Mark's was another place that was inspiring to Chanel. (Childers, 138-139)
In 1924 Chanel showed a breakthrough collection, which she designed with Maison Gripoix
renowned as leaders in glass jewelry. Harper's Bazaar viewed her glass poured gems as
“ being the most revolutional” ones which were created. Her most recognized piece is a pearl or
faux pearl necklace, which she created. It sometimes had metal and crystal beads and her
signature use of red and green poured glass, which has been influenced by those in the Byzantine
treasury of St. Mark’s, which is located in Venice. (Cox, 56-58)
As for Vogue, the main signature designs were early bow brooches that had prong
crystals inside a wire outline. These had stones suspended in them of all different colors. They
may have been faux, but jewelry such as this and other costume jewelry helped boost
Morale during the war in the 1940's. Sales of costume jewelry in fact had tripled in 1945.
(Tanenbaum, 65 & 83)
Classical inspirations of jewelry were people like Ren'e Lalique who molded some of his
own pendants using romantic women, stylized African shaped heads and formed brooches by
Chanel and others who designed jewelry. Emile Davide, however, was an artist that had a
preference for neo-classical woman figures of 1920's women of which he cut and etched from
cheap white metals which were sometimes attached by tiny chains to modish canines.
("Centuries of Style Art Deco Fashion and Jewelry" (36-37)
Gems and Materials, which were used in these types of jewelry, consisted of a mix of the
traditional and precious to unorthodox and innovative metals such as plastics, chromes, and
steels. It is jewelry, which also incorporated gold and silver with precious and semiprecious
stones. Stones such as amber, jade, lapis lazuli, coral, turquoise, topaz, tourmaline, onyx,
amethysts, aquamarines and rock crystals were mixed into the jewelry. Bakelite, rhinestones,
jade, tortoiseshell, jet and moonstone were stones that were used then. ("Centuries of Style Art
Deco Fashion and Jewelry" (36-37)
The importance of the designers such as Chanel, Miriam Haskell and trends of Vogue
magazines jewelry of the 1920's , 1930's and 1940's is that it has evolved into classical and
vintage types of inspiration needed for the jewelry of today. In fact, so much so that Chanel is
still a name of a company as is Miriam Haskell meaning that their jewelry was so inspirational
that even after the original artists death jewelry is still being created under their companies and
may continue for a number of years. In conclusion the importance of jewelry is to work hard
believe in yourself and inspire others with you creativity in jewelry just as Miriam Haskell,
Chanel and other designers of the 1920's through 1940's had and you will be remembered
and an inspiration just as they were back then and yet, still remembered today.
Works Cited
Childers, Caroline. Haute Jewelry. Vol. 0. New York City: BW Publishing Associates, 1999. 0 vols.

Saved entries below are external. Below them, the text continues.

lemma evalE_normal_form:
  assumes "\<nexists>G. hstep k F G"
  shows "evalE k F = (case F of
      MNum m \<Rightarrow> Num m
    | MCase (MVar x Qs) Es \<Rightarrow>
        Case x (map (\<lambda>Q. (mlam_arity Q, evalE (k + mlam_arity Q) (mlam_body Q))) Qs)
          (\<lambda>i. evalE k (Es i))
    | _ \<Rightarrow> Bot)"
  by (subst evalE.code) (simp add: assms hclass_def hnf_normal_form split: mt.split)

lemma evalE_MBot [simp]: "evalE k MBot = Bot"
  by (subst evalE_normal_form) (auto elim: hstep.cases)

lemma evalE_MNum [simp]: "evalE k (MNum n) = Num n"
  by (subst evalE_normal_form) (auto elim: hstep.cases)

lemma evalE_MCase_MVar [simp]:
  "evalE k (MCase (MVar x Qs) Es) =
     Case x (map (\<lambda>Q. (mlam_arity Q, evalE (k + mlam_arity Q) (mlam_body Q))) Qs)
       (\<lambda>i. evalE k (Es i))"
  by (subst evalE_normal_form) (auto elim: hstep.cases)

lemma evalE_MCase_MBot [simp]: "evalE k (MCase MBot Es) = Bot"
  using evalE_hstep[OF h_bot] by simp

lemma evalE_MCase_MNum [simp]: "evalE k (MCase (MNum m) Es) = evalE k (Es m)"
  using evalE_hstep[OF h_num] by simp

lemma evalE_MCase_MCase:
  "evalE k (MCase (MCase G Fs) Es) = evalE k (MCase G (\<lambda>i. MCase (Fs i) Es))"
  using evalE_hstep[OF h_cc] by simp

subsection \<open>Embedding expressions into meta-terms\<close>

text \<open>With de Bruijn levels, \<open>renE\<close> renames the variables bound inside \<open>e\<close> as well as the
  free ones.\<close>

corec renE :: "(nat \<Rightarrow> nat) \<Rightarrow> exp \<Rightarrow> exp" where
  "renE \<rho> e = (case e of Bot \<Rightarrow> Bot | Num n \<Rightarrow> Num n
     | Case x qs bs \<Rightarrow> Case (\<rho> x) (map (\<lambda>q. (fst q, renE \<rho> (snd q))) qs) (\<lambda>i. renE \<rho> (bs i)))"

lemma renE_simps [simp]:
  "renE \<rho> Bot = Bot" "renE \<rho> (Num n) = Num n"
  "renE \<rho> (Case x qs bs) =
     Case (\<rho> x) (map (\<lambda>q. (fst q, renE \<rho> (snd q))) qs) (\<lambda>i. renE \<rho> (bs i))"
  by (subst renE.code; simp)+

lemma renE_ident:
  assumes "\<And>x. \<rho> x = x"
  shows "renE \<rho> e = e"
proof -
  have "a = b" if "\<exists>e. a = renE \<rho> e \<and> b = e" for a b
    using that
  proof (coinduction arbitrary: a b rule: exp.coinduct)
    case (Eq_exp a b)
    then obtain e where "a = renE \<rho> e" "b = e" by blast
    then show ?case
      by (cases e) (auto simp: assms list_all2_conv_all_nth rel_fun_def rel_prod_sel)
  qed
  then show ?thesis by blast
qed

lemma leafE_Num: "leafE Num e = e"
proof -
  have "a = b" if "\<exists>e. a = leafE Num e \<and> b = e" for a b
    using that
  proof (coinduction arbitrary: a b rule: exp.coinduct_strong)
    case (Eq_exp a b)
    then obtain e where "a = leafE Num e" "b = e" by blast
    then show ?case
      by (cases e) (auto simp: list_all2_conv_all_nth rel_fun_def rel_prod_sel)
  qed
  then show ?thesis by blast
qed

corec embL :: "(nat \<Rightarrow> mt) \<Rightarrow> exp \<Rightarrow> mt" where
  "embL G e = (case e of Bot \<Rightarrow> MBot | Num n \<Rightarrow> G n
     | Case x qs bs \<Rightarrow>
         MCase (MVar x (map (\<lambda>q. MLam (fst q) (embE (snd q))) qs)) (\<lambda>i. embL G (bs i)))"

lemma embL_simps [simp]:
  "embL G Bot = MBot" "embL G (Num n) = G n"
  "embL G (Case x qs bs) =
     MCase (MVar x (map (\<lambda>q. MLam (fst q) (embE (snd q))) qs)) (\<lambda>i. embL G (bs i))"
  by (subst embL.code; simp)+

lemma embE_leafE: "embE (leafE h e) = embL (\<lambda>i. embE (h i)) e"
proof -
  have "a = b" if "\<exists>e. a = embE (leafE h e) \<and> b = embL (\<lambda>i. embE (h i)) e" for a b
    using that
  proof (coinduction arbitrary: a b rule: mt.coinduct_strong)
    case (Eq_mt a b)
    then obtain e where "a = embE (leafE h e)" "b = embL (\<lambda>i. embE (h i)) e" by blast
    then show ?case
      by (cases e) (auto simp: list_all2_conv_all_nth rel_fun_def)
  qed
  then show ?thesis by blast
qed

lemma evalE_embE [simp]: "evalE k (embE e) = e"
proof -
  have "a = b" if "\<exists>k. a = evalE k (embE b)" for a b
    using that
  proof (coinduction arbitrary: a b rule: exp.coinduct)
    case (Eq_exp a b)
    then obtain k where "a = evalE k (embE b)" by blast
    then show ?case
      by (cases b) (auto simp: list_all2_conv_all_nth rel_fun_def rel_prod_sel)
  qed
  then show ?thesis by blast
qed

lemma evalE_embL: "evalE k (embL G e) = leafE (\<lambda>i. evalE k (G i)) e"
proof -
  have "a = b" if "\<exists>e. a = evalE k (embL G e) \<and> b = leafE (\<lambda>i. evalE k (G i)) e" for a b
    using that
  proof (coinduction arbitrary: a b rule: exp.coinduct_strong)
    case (Eq_exp a b)
    then obtain e where "a = evalE k (embL G e)" "b = leafE (\<lambda>i. evalE k (G i)) e" by blast
    then show ?case
      by (cases e) (auto simp: list_all2_conv_all_nth rel_fun_def rel_prod_sel)
  qed
  then show ?thesis by blast
qed

lemma evalE_MCase_embE: "evalE k (MCase (embE e) F) = leafE (\<lambda>i. evalE k (F i)) e"
proof -
  have "a = b"
    if "\<exists>e. a = evalE k (MCase (embE e) F) \<and> b = leafE (\<lambda>i. evalE k (F i)) e" for a b
    using that
  proof (coinduction arbitrary: a b rule: exp.coinduct_strong)
    case (Eq_exp a b)
    then obtain e where "a = evalE k (MCase (embE e) F)" "b = leafE (\<lambda>i. evalE k (F i)) e"
      by blast
    then show ?case
      by (cases e)
        (auto simp: evalE_MCase_MCase list_all2_conv_all_nth rel_fun_def rel_prod_sel)
  qed
  then show ?thesis by blast
qed

lemma shift_embE: "shift d m (embE e) = embE (renE (\<lambda>x. if d \<le> x then x + m else x) e)"
proof -
  let ?s = "\<lambda>x. if d \<le> x then x + m else x"
  define F where "F e = shift d m (embE e)" for e
  define G where "G e = embE (renE ?s e)" for e
  have "a = b"
    if "(\<exists>e. a = F e \<and> b = G e)
      \<or> (\<exists>x qs. a = MVar x (map (\<lambda>q. MLam (fst q) (F (snd q))) qs)
               \<and> b = MVar x (map (\<lambda>q. MLam (fst q) (G (snd q))) qs))
      \<or> (\<exists>r e. a = MLam r (F e) \<and> b = MLam r (G e))" for a b
    using that
  proof (coinduction arbitrary: a b rule: mt.coinduct)
    case (Eq_mt a b)
    then show ?case
    proof (elim disjE exE conjE)
      fix e assume a: "a = F e" and b: "b = G e"
      show ?thesis
      proof (cases e)
        case (Case x qs bs)
        have "a = MCase (MVar (?s x) (map (\<lambda>q. MLam (fst q) (F (snd q))) qs)) (\<lambda>i. F (bs i))"
          using a Case by (simp add: F_def o_def)
        moreover have
          "b = MCase (MVar (?s x) (map (\<lambda>q. MLam (fst q) (G (snd q))) qs)) (\<lambda>i. G (bs i))"
          using b Case by (simp add: G_def o_def)
        ultimately show ?thesis by (auto simp: rel_fun_def)
      qed (use a b in \<open>auto simp: F_def G_def\<close>)
    qed (auto simp: list_all2_conv_all_nth)
  qed
  then show ?thesis unfolding F_def G_def by blast
qed

lemma inst_embE_renE:
  assumes avoid: "\<And>x. \<rho> x < k \<or> k + n \<le> \<rho> x"
  shows "inst k n Qs d (embE (renE \<rho> e))
           = embE (renE (\<lambda>x. if \<rho> x < k then \<rho> x else \<rho> x - n) e)"
proof -
  let ?s = "\<lambda>x. if \<rho> x < k then \<rho> x else \<rho> x - n"
  define F where "F d e = inst k n Qs d (embE (renE \<rho> e))" for d e
  define H where "H e = embE (renE ?s e)" for e
  have inst_var: "inst k n Qs d (MVar (\<rho> x) A) = MVar (?s x) (map (inst k n Qs d) A)" for d x A
    using avoid[of x] by auto
  have "a = b"
    if "(\<exists>d e. a = F d e \<and> b = H e)
      \<or> (\<exists>d x qs. a = MVar x (map (\<lambda>q. MLam (fst q) (F (d + fst q) (snd q))) qs)
                 \<and> b = MVar x (map (\<lambda>q. MLam (fst q) (H (snd q))) qs))
      \<or> (\<exists>r d e. a = MLam r (F d e) \<and> b = MLam r (H e))" for a b
    using that
  proof (coinduction arbitrary: a b rule: mt.coinduct)
    case (Eq_mt a b)
    then show ?case
    proof (elim disjE exE conjE)
      fix d e assume a: "a = F d e" and b: "b = H e"
      show ?thesis
      proof (cases e)
        case (Case x qs bs)
        have "a = MCase (MVar (?s x) (map (\<lambda>q. MLam (fst q) (F (d + fst q) (snd q))) qs))
                    (\<lambda>i. F d (bs i))"
          using a Case by (simp add: F_def o_def inst_var del: inst_simps(5))
        moreover have
          "b = MCase (MVar (?s x) (map (\<lambda>q. MLam (fst q) (H (snd q))) qs)) (\<lambda>i. H (bs i))"
          using b Case by (simp add: H_def o_def)
        ultimately show ?thesis by (auto simp: rel_fun_def)
      qed (use a b in \<open>auto simp: F_def H_def\<close>)
    qed (auto simp: list_all2_conv_all_nth)
  qed
  then show ?thesis unfolding F_def H_def by blast
qed

lemma inst_embL_renE:
  assumes avoid: "\<And>x. \<rho> x < k \<or> k + n \<le> \<rho> x"
  shows "inst k n Qs d (embL G (renE \<rho> e))
           = embL (\<lambda>i. inst k n Qs d (G i)) (renE (\<lambda>x. if \<rho> x < k then \<rho> x else \<rho> x - n) e)"
proof -
  let ?s = "\<lambda>x. if \<rho> x < k then \<rho> x else \<rho> x - n"
  have inst_var: "inst k n Qs d (MVar (\<rho> x) A) = MVar (?s x) (map (inst k n Qs d) A)" for x A
    using avoid[of x] by auto
  have "a = b"
    if "\<exists>e. a = inst k n Qs d (embL G (renE \<rho> e))
             \<and> b = embL (\<lambda>i. inst k n Qs d (G i)) (renE ?s e)" for a b
    using that
  proof (coinduction arbitrary: a b rule: mt.coinduct_strong)
    case (Eq_mt a b)
    then obtain e where a: "a = inst k n Qs d (embL G (renE \<rho> e))"
      and b: "b = embL (\<lambda>i. inst k n Qs d (G i)) (renE ?s e)" by blast
    show ?case
    proof (cases e)
      case (Case x qs bs)
      then show ?thesis
        using a b by (simp add: o_def inst_var inst_embE_renE[OF avoid] rel_fun_def
            list.rel_refl del: inst_simps(5)) blast
    next
      case (Num i)
      then show ?thesis
        using a b by (auto intro: list.rel_refl_strong simp: rel_fun_def)
    qed (use a b in auto)
  qed
  then show ?thesis by blast
qed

Cox, Caroline. Vintage Jewelry Design. First Edition. Vol. 0. New York City: Lark Crafts, 2010. 0
vols.
Iredale, Jessica. W Magazine. June 2009. Jessica Iredale. 8 July 2012
<http://www.wmagazine.com/accessories/2009/06/miriam_haskell>.
Miller, Judith. Miller's Costume Jewelry. Ed. Alexandra Stetter and Lesley Malkin. Vol. 0. London:
Miller's, 2010. 0 vols.
Simon, Marjorie. "A Time and a place Miriam Haskell and the Rise of American Costume
Jewelry." Metalsmith 26.1 (2006): 34-41. Slcc Elie. Web. 8 Jul 2012.
Tanenbaum, Carole. Fabulous Fakes A Passion for Vintage Costume Jewelry. 1st. New York,
New York: Artisan Press, 2006. 1-212. Print.
Thornton, Zita. Ebsco Host. Ed. Zita Thornton. 2004 February. Zita Thornton. 8 july 2012.
Centuries of Style Art Deco Fashion and Jewelry. Edison New Jersey: Chartwell Books, 1998.